Potential Strike by Canadian Border Agents Could Disrupt Travel and Supply Chain

by Alice

Canadian border agents are poised to strike on Friday, potentially disrupting travel for nearly 400,000 daily U.S.-Canada border crossers and impacting the supply chain between the two countries. The Public Service Alliance of Canada (PSAC) and the Customs and Immigration Union (CIU) are in negotiations with the Canadian government, seeking a new labor agreement. If no agreement is reached by 4 p.m. ET on Friday, more than 9,000 Canada Border Services Agency (CBSA) employees will participate in the strike.

“We are still hopeful that we can reach an agreement to avoid strike action and any potential delays at Canada’s borders,” said PSAC National President Sharon DeSousa. The union members, who have been without a contract for over two years, are demanding higher wages to match those of other law enforcement agencies, remote work options, improved retirement benefits, and stronger workplace protections.


Mark Weber, CIU National President, emphasized the members’ readiness to strike, saying, “Our members have overwhelmingly told us they are prepared to fight for fair wages, equitable retirement, and to make CBSA a better place to work.”


In May, PSAC members voted 96% in favor of a strike mandate, with mediation sessions beginning on June 3. Should the strike occur, over 90% of front-line border officers, considered essential workers, will continue to provide basic services.
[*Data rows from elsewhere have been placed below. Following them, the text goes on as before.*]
definition has_certificate_dimension ::
  "('x \<Rightarrow> int) set \<Rightarrow> 'x set \<Rightarrow> nat \<Rightarrow> nat \<Rightarrow> nat \<Rightarrow> bool" where
  "has_certificate_dimension C X k m n \<longleftrightarrow>
     1 \<le> m \<and> 1 \<le> n \<and>
     (\<exists>\<sigma> :: ('x \<Rightarrow> int) \<Rightarrow> ('x \<times> int) set \<Rightarrow> nat.
        (\<forall>h\<in>C. \<forall>U. U \<subseteq> labeled_space X \<and> finite U \<and> card U = k - 1 \<longrightarrow> \<sigma> h U < n) \<and>
        (\<forall>h\<in>C. \<forall>S. S \<subseteq> labeled_space X \<and> finite S \<and> card S = m \<and> labeled_by h S \<longrightarrow>
           (\<exists>U. U \<subseteq> S \<and> card U = k \<and>
              (\<exists>(x, y)\<in>U. \<forall>h'\<in>version_space C (S - {(x, y)}).
                  \<sigma> h' (U - {(x, y)}) = \<sigma> h (U - {(x, y)}) \<longrightarrow> h' x = h x \<and> h x = y))))"

definition halfspaces2 :: "real^2 \<Rightarrow> real^2 \<Rightarrow> (real^2 \<Rightarrow> int) set" where
  "halfspaces2 sp sm =
     {(\<lambda>x. sign (w \<bullet> x - b)) | w b. w \<bullet> sp \<ge> b \<and> b > w \<bullet> sm}"

end

theory Submission
  imports Defs
begin

text \<open>Write \<open>h x = sign (w \<bullet> x - b)\<close> with \<open>w \<bullet> s\<^sub>+ \<ge> b > w \<bullet> s\<^sub>-\<close>. Among seven
  examples labelled by \<open>h\<close>, four carry the same label \<open>l\<close>; with the anchor \<open>s = s\<^sub>-\<close> for
  \<open>l = 1\<close> and \<open>s = s\<^sub>+\<close> for \<open>l = -1\<close>, they lie in the open half-plane
  \<open>(l w) \<bullet> (q - s) > 0\<close>, and every halfspace of the class gives \<open>s\<close> the label \<open>-l\<close>.
  Sort the four points by angle around \<open>s\<close>. Either a point lies beyond the segment joining its
  angular neighbours, and any halfspace labelling both neighbours \<open>l\<close> and \<open>s\<close> by \<open>-l\<close>
  labels it \<open>l\<close>; or \<open>s\<close> and the middle points form convex corners, and an outer point lies in
  the wedge opposite the triangle at one of the two middle points. In the second case the label is
  forced as soon as one knows which of the two middle points is further in direction \<open>w\<close>, and
  that comparison is all the three-valued \<open>\<sigma>\<close> records.\<close>

definition cross2 :: "real^2 \<Rightarrow> real^2 \<Rightarrow> real" where
  "cross2 u v = u$1 * v$2 - u$2 * v$1"

lemma inner_real2: "(u::real^2) \<bullet> v = u$1 * v$1 + u$2 * v$2"
  by (simp add: inner_vec_def sum_2)

lemma vec2_eq_iff: "(u::real^2) = v \<longleftrightarrow> u$1 = v$1 \<and> u$2 = v$2"
  by (simp add: vec_eq_iff forall_2)

lemma cross2_cramer: "cross2 a c *\<^sub>R b = cross2 b c *\<^sub>R a + cross2 a b *\<^sub>R c"
  by (simp add: vec2_eq_iff cross2_def algebra_simps)

lemma cross2_inner_identity:
  "cross2 w v * (w \<bullet> u) - cross2 w u * (w \<bullet> v) = (w \<bullet> w) * cross2 u v"
  by (simp add: inner_real2 cross2_def algebra_simps)

lemma cross2_inner_parallel:
  "(w \<bullet> u) *\<^sub>R v - (w \<bullet> v) *\<^sub>R u = cross2 u v *\<^sub>R (vector [- w$2, w$1] :: real^2)"
  by (simp add: vec2_eq_iff inner_real2 cross2_def algebra_simps vector_def)

text \<open>The tangent of the angle from \<open>w\<close> to \<open>u\<close>: it orders the open half-plane \<open>w \<bullet> u > 0\<close>
  by angle.\<close>
definition angle_key :: "real^2 \<Rightarrow> real^2 \<Rightarrow> real" where
  "angle_key w u = cross2 w u / (w \<bullet> u)"

lemma angle_key_cross2:
  assumes "w \<bullet> u > 0" "w \<bullet> v > 0"
  shows "(w \<bullet> u) * (w \<bullet> v) * (angle_key w v - angle_key w u) = (w \<bullet> w) * cross2 u v"
  using assms cross2_inner_identity[of w v u]
  by (simp add: angle_key_def field_simps)

lemma cross2_pos_iff_angle_key_less:
  assumes "w \<bullet> u > 0" "w \<bullet> v > 0"
  shows "cross2 u v > 0 \<longleftrightarrow> angle_key w u < angle_key w v"
proof -
  have "w \<noteq> 0" using assms by auto
  then have "w \<bullet> w > 0" by simp
  then have "cross2 u v > 0 \<longleftrightarrow> (w \<bullet> w) * cross2 u v > 0"
    by (meson mult_pos_pos zero_less_mult_pos)
  also have "\<dots> \<longleftrightarrow> (w \<bullet> u) * (w \<bullet> v) * (angle_key w v - angle_key w u) > 0"
    by (simp only: angle_key_cross2[OF assms])
  also have "\<dots> \<longleftrightarrow> angle_key w v - angle_key w u > 0"
    using assms by (meson mult_pos_pos zero_less_mult_pos)
  finally show ?thesis by simp
qed

lemma angle_key_eq_imp_parallel:
  assumes "w \<bullet> u > 0" "w \<bullet> v > 0" "angle_key w u = angle_key w v"
  shows "(w \<bullet> u) *\<^sub>R v = (w \<bullet> v) *\<^sub>R u"
proof -
  have "w \<noteq> 0" using assms by auto
  then have "w \<bullet> w > 0" by simp
  then have "cross2 u v = 0" using angle_key_cross2[OF assms(1,2)] assms(3) by simp
  then show ?thesis using cross2_inner_parallel[of w u v] by simp
qed

text \<open>\<open>beyond_segment s a c x\<close>: \<open>x\<close> lies in the cone at \<open>s\<close> spanned by \<open>a\<close> and \<open>c\<close>, on the
  far side of the segment \<open>[a, c]\<close>. \<open>opposite_wedge s a c x\<close>: \<open>x\<close> lies in the angle at \<open>a\<close>
  vertically opposite to the angle of the triangle \<open>s a c\<close>.\<close>
definition beyond_segment :: "real^2 \<Rightarrow> real^2 \<Rightarrow> real^2 \<Rightarrow> real^2 \<Rightarrow> bool" where
  "beyond_segment s a c x \<longleftrightarrow>
     (\<exists>\<alpha> \<gamma>. 0 \<le> \<alpha> \<and> 0 \<le> \<gamma> \<and> 1 \<le> \<alpha> + \<gamma> \<and> x - s = \<alpha> *\<^sub>R (a - s) + \<gamma> *\<^sub>R (c - s))"

definition opposite_wedge :: "real^2 \<Rightarrow> real^2 \<Rightarrow> real^2 \<Rightarrow> real^2 \<Rightarrow> bool" where
  "opposite_wedge s a c x \<longleftrightarrow>
     (\<exists>\<beta> \<mu>. 0 \<le> \<beta> \<and> 0 \<le> \<mu> \<and> x - a = \<beta> *\<^sub>R (a - s) + \<mu> *\<^sub>R (a - c))"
However, this could still lead to significant delays at national entry points.


In 2021, a similar work-to-rule action led to major delays at airports and borders until an agreement was reached after 36 hours of mediation. A strike now would further disrupt the supply chain between the U.S. and Canada, which traded $3.6 billion worth of goods and services daily in 2023. Trucks carried 55% of this freight in 2022, according to the Bureau of Transportation Statistics.

The Canadian Trucking Alliance (CTA) has urged the unions and government to reach an agreement to protect trade and avoid further disruptions. The trucking sector is already experiencing instability due to railway labor negotiations, retirements, and federal legislation on sick days. “These are undoubtedly complex and challenging decisions to make, but the Government of Canada must lead decisively to prevent economic chaos from threatening Canada’s supply chains and economic viability,” the CTA stated.
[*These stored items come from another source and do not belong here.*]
lemma st_paths_mono: "A \<subseteq> B \<Longrightarrow> st_paths tail head A s t \<subseteq> st_paths tail head B s t"
  unfolding st_paths_def by (auto intro: is_st_path_mono dest: is_st_path_subset)

lemma length_packing_le_card:
  assumes "ps \<in> packings tail head A s t X" "finite C" "C \<subseteq> X"
    and "\<forall>P\<in>st_paths tail head A s t. P \<inter> C \<noteq> {}"
  shows "length ps \<le> card C"
proof -
  have hit: "ps ! i \<inter> C \<noteq> {}" if "i < length ps" for i
    using assms(1,4) that nth_mem unfolding packings_def by blast
  define pick where "pick i = (SOME e. e \<in> ps ! i \<inter> C)" for i
  have pick: "pick i \<in> ps ! i \<inter> C" if "i < length ps" for i
    unfolding pick_def using hit[OF that] by (metis ex_in_conv someI)
  have "inj_on pick {..<length ps}"
  proof (rule inj_onI, rule ccontr)
    fix i j assume ij: "i \<in> {..<length ps}" "j \<in> {..<length ps}" "pick i = pick j" "i \<noteq> j"
    then have "pick i \<in> ps ! i \<inter> ps ! j \<inter> X"
      using pick[of i] pick[of j] ij assms(3) by auto
    moreover have "ps ! i \<inter> ps ! j \<inter> X = {}"
      using assms(1) ij unfolding packings_def by auto
    ultimately show False by blast
  qed
  moreover have "pick ` {..<length ps} \<subseteq> C"
    using pick by auto
  ultimately show ?thesis
    using card_inj_on_le assms(2) by fastforce
qed

lemma finite_packing_lengths:
  assumes "finite C" "C \<subseteq> X" "\<forall>P\<in>st_paths tail head A s t. P \<inter> C \<noteq> {}"
  shows "finite (length ` packings tail head A s t X)"
  unfolding finite_nat_set_iff_bounded_le using length_packing_le_card[OF _ assms] by blast

fun signed_flow :: "('e \<times> bool) list \<Rightarrow> 'e \<Rightarrow> int" where
  "signed_flow [] e = 0"
| "signed_flow ((a, fwd) # ls) e = signed_flow ls e + (if e = a then (if fwd then 1 else -1) else 0)"

lemma signed_flow_distinct:
  "distinct (map fst ls) \<Longrightarrow>
     signed_flow ls e = (if (e, True) \<in> set ls then 1 else if (e, False) \<in> set ls then -1 else 0)"
  by (induction ls e rule: signed_flow.induct) (auto simp: image_iff)

lemma signed_flow_forward:
  "distinct es \<Longrightarrow> signed_flow (map (\<lambda>e. (e, True)) es) e = of_bool (e \<in> set es)"
  by (induction es) auto

locale st_network =
  fixes E N :: "'e set" and s t :: 'v and tail head :: "'e \<Rightarrow> 'v"
  assumes finite_E: "finite E" and N_subset_E: "N \<subseteq> E" and s_neq_t: "s \<noteq> t"
    and paths_meet_N: "\<forall>P\<in>st_paths tail head E s t. P \<inter> N \<noteq> {}"
begin

definition excess :: "('e \<Rightarrow> int) \<Rightarrow> 'v \<Rightarrow> int" where
  "excess f v = (\<Sum>e | e \<in> E \<and> head e = v. f e) - (\<Sum>e | e \<in> E \<and> tail e = v. f e)"

definition is_flow :: "('e \<Rightarrow> int) \<Rightarrow> nat \<Rightarrow> bool" where
  "is_flow f k \<longleftrightarrow> (\<forall>e\<in>E. 0 \<le> f e) \<and> (\<forall>e\<in>N. f e \<le> 1) \<and>
     (\<forall>v. v \<noteq> s \<longrightarrow> v \<noteq> t \<longrightarrow> excess f v = 0) \<and> excess f t = int k \<and> excess f s = - int k"

definition out_arcs :: "'v set \<Rightarrow> 'e set" where
  "out_arcs R = {e \<in> E. tail e \<in> R \<and> head e \<notin> R}"

definition in_arcs :: "'v set \<Rightarrow> 'e set" where
  "in_arcs R = {e \<in> E. head e \<in> R \<and> tail e \<notin> R}"

definition res_tail :: "'e \<times> bool \<Rightarrow> 'v" where
  "res_tail l = (if snd l then tail (fst l) else head (fst l))"

definition res_head :: "'e \<times> bool \<Rightarrow> 'v" where
  "res_head l = (if snd l then head (fst l) else tail (fst l))"

definition residual :: "('e \<Rightarrow> int) \<Rightarrow> 'e \<times> bool \<Rightarrow> bool" where
  "residual f l \<longleftrightarrow> fst l \<in> E \<and> (if snd l then fst l \<in> N \<longrightarrow> f (fst l) < 1 else 0 < f (fst l))"

lemma finite_N: "finite N"
  using finite_E N_subset_E finite_subset by blast

lemma excess_add: "excess (\<lambda>e. f e + g e) v = excess f v + excess g v"
  unfolding excess_def by (simp add: sum.distrib)

lemma excess_diff: "excess (\<lambda>e. f e - g e) v = excess f v - excess g v"
  unfolding excess_def by (simp add: sum_subtractf)

lemma excess_single:
  "excess (\<lambda>x. if x = e then c else 0) v = (if e \<in> E then c * (of_bool (head e = v) - of_bool (tail e = v)) else 0)"
  unfolding excess_def using finite_E by (simp add: sum.delta' algebra_simps)

lemma excess_signed_flow:
  "walk res_tail res_head (\<lambda>l. fst l \<in> E) u ls w \<Longrightarrow>
     excess (signed_flow ls) v = of_bool (v = w) - of_bool (v = u)"
proof (induction ls arbitrary: u)
  case Nil
  then show ?case unfolding excess_def by simp
next
  case (Cons l ls)
  obtain e fwd where l: "l = (e, fwd)" by (cases l)
  have "signed_flow (l # ls) = (\<lambda>x. signed_flow ls x + (if x = e then (if fwd then 1 else -1) else 0))"
    unfolding l by auto
  then have "excess (signed_flow (l # ls)) v =
      excess (signed_flow ls) v + excess (\<lambda>x. if x = e then (if fwd then 1 else -1) else 0) v"
    by (simp add: excess_add)
  moreover have "excess (signed_flow ls) v = of_bool (v = w) - of_bool (v = res_head l)"
    using Cons by simp
  moreover have "excess (\<lambda>x. if x = e then (if fwd then 1 else -1) else 0) v =
      of_bool (v = res_head l) - of_bool (v = u)"
    using Cons.prems l by (cases fwd) (auto simp: excess_single res_tail_def res_head_def)
  ultimately show ?case
    by simp
qed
The Treasury Board of Canada expressed disappointment over the strike threat, saying it undermines bargaining efforts and disrupts services expected by residents. “Negotiation is a process of give and take. The government is prepared to make concessions, but there needs to be movement on both sides,” the Board stated.

If the strike proceeds, the Mohawk Council of Akwesasne announced that the CBSA had assured them the domestic lane would remain open daily from 7 a.m. to 11 p.m. at the Cornwall Port of Entry, with measures in place to facilitate safe and swift crossings. However, travelers should expect longer wait times, picketing, and union-related activities. The CBSA plans to address delays promptly and provide updates on its website.